A Gulf Coast accountant might earn 20% less than a Miami-based colleague.
Business specialists in Fort Myers may be making 80 cents on the dollar compared to their professional counterparts on the other end of Alligator Alley, suggests one California-based research firm.
The 2011 Salary Guide recently published by Robert Half International offers job-specific salary information based on nationwide trends, providing range estimates for positions such as chief financial officer. The goal is to provide hiring managers with a starting point for negotiations in the midst of an incredibly competitive hiring environment.
But what Gulf Coast residents may find more interesting than those range estimates are the market adjustment indices the report provides.

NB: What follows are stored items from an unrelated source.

(* Let $F,f,k$ be as in the standing assumptions and suppose (A1)–(A5) hold. For $\alpha>0$ let $v^\alpha$ be the viscosity solution of $$\alpha v^\alpha(x,\xi)+F(x,Dv^\alpha(x,\xi),\xi)+\int_I k(\xi,\eta)\big(v^\alpha(x,\xi)-v^\alpha(x,\eta)\big)\,d\eta=f(x,\xi)\quad\text{in }\mathbb{T}^d\times I.$$ Then $v^\alpha(x,\xi)=0$ for all $(x,\xi)\in\mathcal{Z}$ and all $\alpha>0$, where $\tilde{\mathcal{A}}:=\{x\in\mathbb{T}^d: f(x,\xi)=0\text{ for a.e. }\xi\in I\}$ and $\mathcal{Z}:=\{(x,\xi)\in\tilde{\mathcal{A}}\times I: f(x,\xi)=0\}$.
   Context: $I\subset\mathbb{R}$ finite interval with $|I|=1$; $k:I\times I\to\mathbb{R}$ Borel measurable with $0<k_0\le k\le k_1$. $F\in C(\mathbb{T}^d\times\mathbb{R}^d)\otimes\mathcal{B}(I)$ (continuous in $(x,p)$ for each $\xi$, Borel in $\xi$) with $F(\cdot,p,\cdot)$ bounded for each $p$; $f\in C(\mathbb{T}^d)\otimes\mathcal{B}(I)$ bounded. The equation is understood in the viscosity sense (test functions $\phi\in C^1(\mathbb{T}^d)$ touching $v(\cdot,\xi)$ for fixed $\xi$), and has a unique viscosity solution $v^\alpha\in C(\mathbb{T}^d)\otimes\mathcal{B}(I)$. Assumptions: (A1) $C_1|p|^m-C_2\le F(x,p,\xi)$ for constants $C_1,C_2>0$, $m>1$. (A2) $f\ge0$ and $\mathcal{A}:=\{x: f(x,\xi)=0\ \forall\xi\in I\}\neq\emptyset$. (A3) $p\mapsto F(x,p,\xi)$ convex. (A4) $F\ge0$ and $F(x,0,\xi)=0$. (A5) a modulus $\omega$ with $|f(x,\xi)-f(y,\xi)|\le\omega(|x-y|)$, and for each $R>0$ a modulus $\omega_R$ with $|F(x,p,\xi)-F(y,q,\xi)|\le\omega_R(|x-y|+|p-q|)$ for $p,q\in B(0,R)$, uniformly in $\xi$. *)

theory Defs
  imports "HOL-Analysis.Analysis"
begin

text \<open>Functions on the torus T^d = R^d / Z^d are represented as Z^d-periodic
functions on real^'d.\<close>
definition zd_periodic :: "(real^'d \<Rightarrow> 'b) \<Rightarrow> bool" where
  "zd_periodic g \<longleftrightarrow> (\<forall>x i. g (x + axis i 1) = g x)"

definition modulus :: "(real \<Rightarrow> real) \<Rightarrow> bool" where
  "modulus \<omega> \<longleftrightarrow> (\<forall>r\<ge>0. \<omega> r \<ge> 0) \<and> mono_on {0..} \<omega> \<and> \<omega> 0 = 0
      \<and> (\<omega> \<longlongrightarrow> 0) (at_right 0)"

definition C1_test :: "(real^'d \<Rightarrow> real) \<Rightarrow> (real^'d \<Rightarrow> real^'d) \<Rightarrow> bool" where
  "C1_test \<phi> D\<phi> \<longleftrightarrow> zd_periodic \<phi> \<and> continuous_on UNIV D\<phi> \<and>
      (\<forall>x. (\<phi> has_derivative (\<lambda>h. D\<phi> x \<bullet> h)) (at x))"

definition nl_op ::
  "real \<Rightarrow> (real^'d \<Rightarrow> real^'d \<Rightarrow> real \<Rightarrow> real) \<Rightarrow> (real \<Rightarrow> real \<Rightarrow> real) \<Rightarrow> real set
    \<Rightarrow> (real^'d \<Rightarrow> real \<Rightarrow> real) \<Rightarrow> real^'d \<Rightarrow> real \<Rightarrow> real^'d \<Rightarrow> real" where
  "nl_op \<alpha> F k I v x \<xi> p =
     \<alpha> * v x \<xi> + F x p \<xi> + (LINT \<eta>:I|lborel. k \<xi> \<eta> * (v x \<xi> - v x \<eta>))"

definition visc_subsol where
  "visc_subsol \<alpha> F k f I v \<longleftrightarrow>
    (\<forall>\<xi>\<in>I. \<forall>\<phi> D\<phi> x0. C1_test \<phi> D\<phi> \<and>
        (\<exists>e>0. \<forall>y\<in>ball x0 e. v y \<xi> - \<phi> y \<le> v x0 \<xi> - \<phi> x0)
        \<longrightarrow> nl_op \<alpha> F k I v x0 \<xi> (D\<phi> x0) \<le> f x0 \<xi>)"

definition visc_supersol where
  "visc_supersol \<alpha> F k f I v \<longleftrightarrow>
    (\<forall>\<xi>\<in>I. \<forall>\<phi> D\<phi> x0. C1_test \<phi> D\<phi> \<and>
        (\<exists>e>0. \<forall>y\<in>ball x0 e. v y \<xi> - \<phi> y \<ge> v x0 \<xi> - \<phi> x0)
        \<longrightarrow> nl_op \<alpha> F k I v x0 \<xi> (D\<phi> x0) \<ge> f x0 \<xi>)"

definition visc_sol ::
  "real \<Rightarrow> (real^'d \<Rightarrow> real^'d \<Rightarrow> real \<Rightarrow> real) \<Rightarrow> (real \<Rightarrow> real \<Rightarrow> real)
    \<Rightarrow> (real^'d \<Rightarrow> real \<Rightarrow> real) \<Rightarrow> real set \<Rightarrow> (real^'d \<Rightarrow> real \<Rightarrow> real) \<Rightarrow> bool" where
  "visc_sol \<alpha> F k f I v \<longleftrightarrow>
     (\<forall>\<xi>\<in>I. continuous_on UNIV (\<lambda>x. v x \<xi>) \<and> zd_periodic (\<lambda>x. v x \<xi>)) \<and>
     (\<forall>x. set_borel_measurable lborel I (\<lambda>\<xi>. v x \<xi>)) \<and>
     (\<exists>B. \<forall>x. \<forall>\<xi>\<in>I. \<bar>v x \<xi>\<bar> \<le> B) \<and>
     visc_subsol \<alpha> F k f I v \<and> visc_supersol \<alpha> F k f I v"

end

theory Submission
  imports Defs
begin

(*
  Testing the supersolution property with constant test functions at minimum points of
  v(.,xi), which exist by periodicity, shows v >= 0.  Testing the subsolution property with
  periodic quadratic penalisations centred at x and dropping F >= 0 gives, in the limit, the
  pointwise inequality  alpha v(x,xi) + int_I k(xi,eta) (v(x,xi) - v(x,eta)) deta <= f(x,xi).
  For x in the set A~ the zero set G of f(x,.) has full measure in I, so at points of G where
  v(x,.) almost attains its supremum M over G the integral is almost nonnegative, whence
  alpha M <= 0.
*)

lemma sin_ge_half:
  fixes w :: real
  assumes "0 \<le> w" "w \<le> 1"
  shows "w / 2 \<le> sin w"
proof -
  have "cos u - 1/2 \<ge> 0" if "0 \<le> u" "u \<le> w" for u
  proof -
    have "cos (pi/3) \<le> cos u"
      using that assms pi_gt3 by (intro cos_monotone_0_pi_le) auto
    then show ?thesis by (simp add: cos_60)
  qed
  then have "sin 0 - 0/2 \<le> sin w - w/2"
    by (intro DERIV_nonneg_imp_nondecreasing[OF assms(1)])
       (auto intro!: exI derivative_eq_intros)
  then show ?thesis by simp
qed

lemma square_le_one_minus_cos:
  fixes t :: real
  assumes "\<bar>t\<bar> \<le> 1/8"
  shows "t^2 \<le> 1 - cos (2*pi*t)"
proof -
  have "pi * \<bar>t\<bar> \<le> 4 * (1/8)"
    using assms pi_less_4 by (intro mult_mono) auto
  then have "\<bar>pi*t\<bar> \<le> 1" by (simp add: abs_mult)
  then have "\<bar>pi*t\<bar> / 2 \<le> \<bar>sin (pi*t)\<bar>"
    using sin_ge_half[of "pi*t"] sin_ge_half[of "-(pi*t)"] by (cases "0 \<le> pi*t") auto
  then have sin_bound: "(pi*t/2)^2 \<le> sin (pi*t) ^ 2"
    by (metis abs_divide abs_numeral power2_abs power_mono abs_ge_zero)
  have "1 \<le> pi^2 / 2"
  proof -
    have "3 * 3 \<le> pi * pi" using pi_gt3 by (intro mult_mono) auto
    then show ?thesis by (simp add: power2_eq_square)
  qed
  then have "t^2 \<le> 2 * (pi*t/2)^2"
    using mult_right_mono[of 1 "pi^2/2" "t^2"] by (simp add: power_divide power_mult_distrib)
  also have "\<dots> \<le> 2 * sin (pi*t) ^ 2"
    using sin_bound by simp
  also have "\<dots> = 1 - cos (2*pi*t)"
    using cos_double_sin[of "pi*t"] by (simp add: mult.assoc)
  finally show ?thesis .
qed

lemma zd_periodic_add_int_axis:
  fixes g :: "real^'d \<Rightarrow> 'b"
  assumes "zd_periodic g"
  shows "g (x + of_int n *\<^sub>R axis i 1) = g x"
proof -
  have shift_nat: "g (y + real m *\<^sub>R axis i 1) = g y" for y m
  proof (induction m)
    case (Suc m)
    have "y + real (Suc m) *\<^sub>R axis i 1 = (y + real m *\<^sub>R axis i 1) + axis i 1"
      by (simp add: algebra_simps)
    then show ?case using assms Suc unfolding zd_periodic_def by metis
  qed simp
  show ?thesis
  proof (cases "0 \<le> n")
    case True
    then show ?thesis using shift_nat[of x "nat n"] by simp
  next
    case False
    then show ?thesis using shift_nat[of "x + of_int n *\<^sub>R axis i 1" "nat (- n)"] by simp
  qed
qed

Researchers used data from the U.S. Department of Labor to produce an adjustment index for many of the nation's unique geographic markets. Each index can be used to create a more regionally sensitive estimate; for example, the report's adjustment index for Phoenix of 105 suggests salaried employees there can expect to earn 5% more than the national average.
The two numbers provided for Gulf Coast markets are both below average. According to the report, Fort Myers employees earn 87.6% of the national average, while Tampa and St. Petersburg workers bring in 94%. Compare that to Miami/Fort Lauderdale market, which pays its employees 110% of the national average.
Jacksonville employees earn 94.5% of the national average for a given occupation, the report estimates, while Orlando workers earn 101%.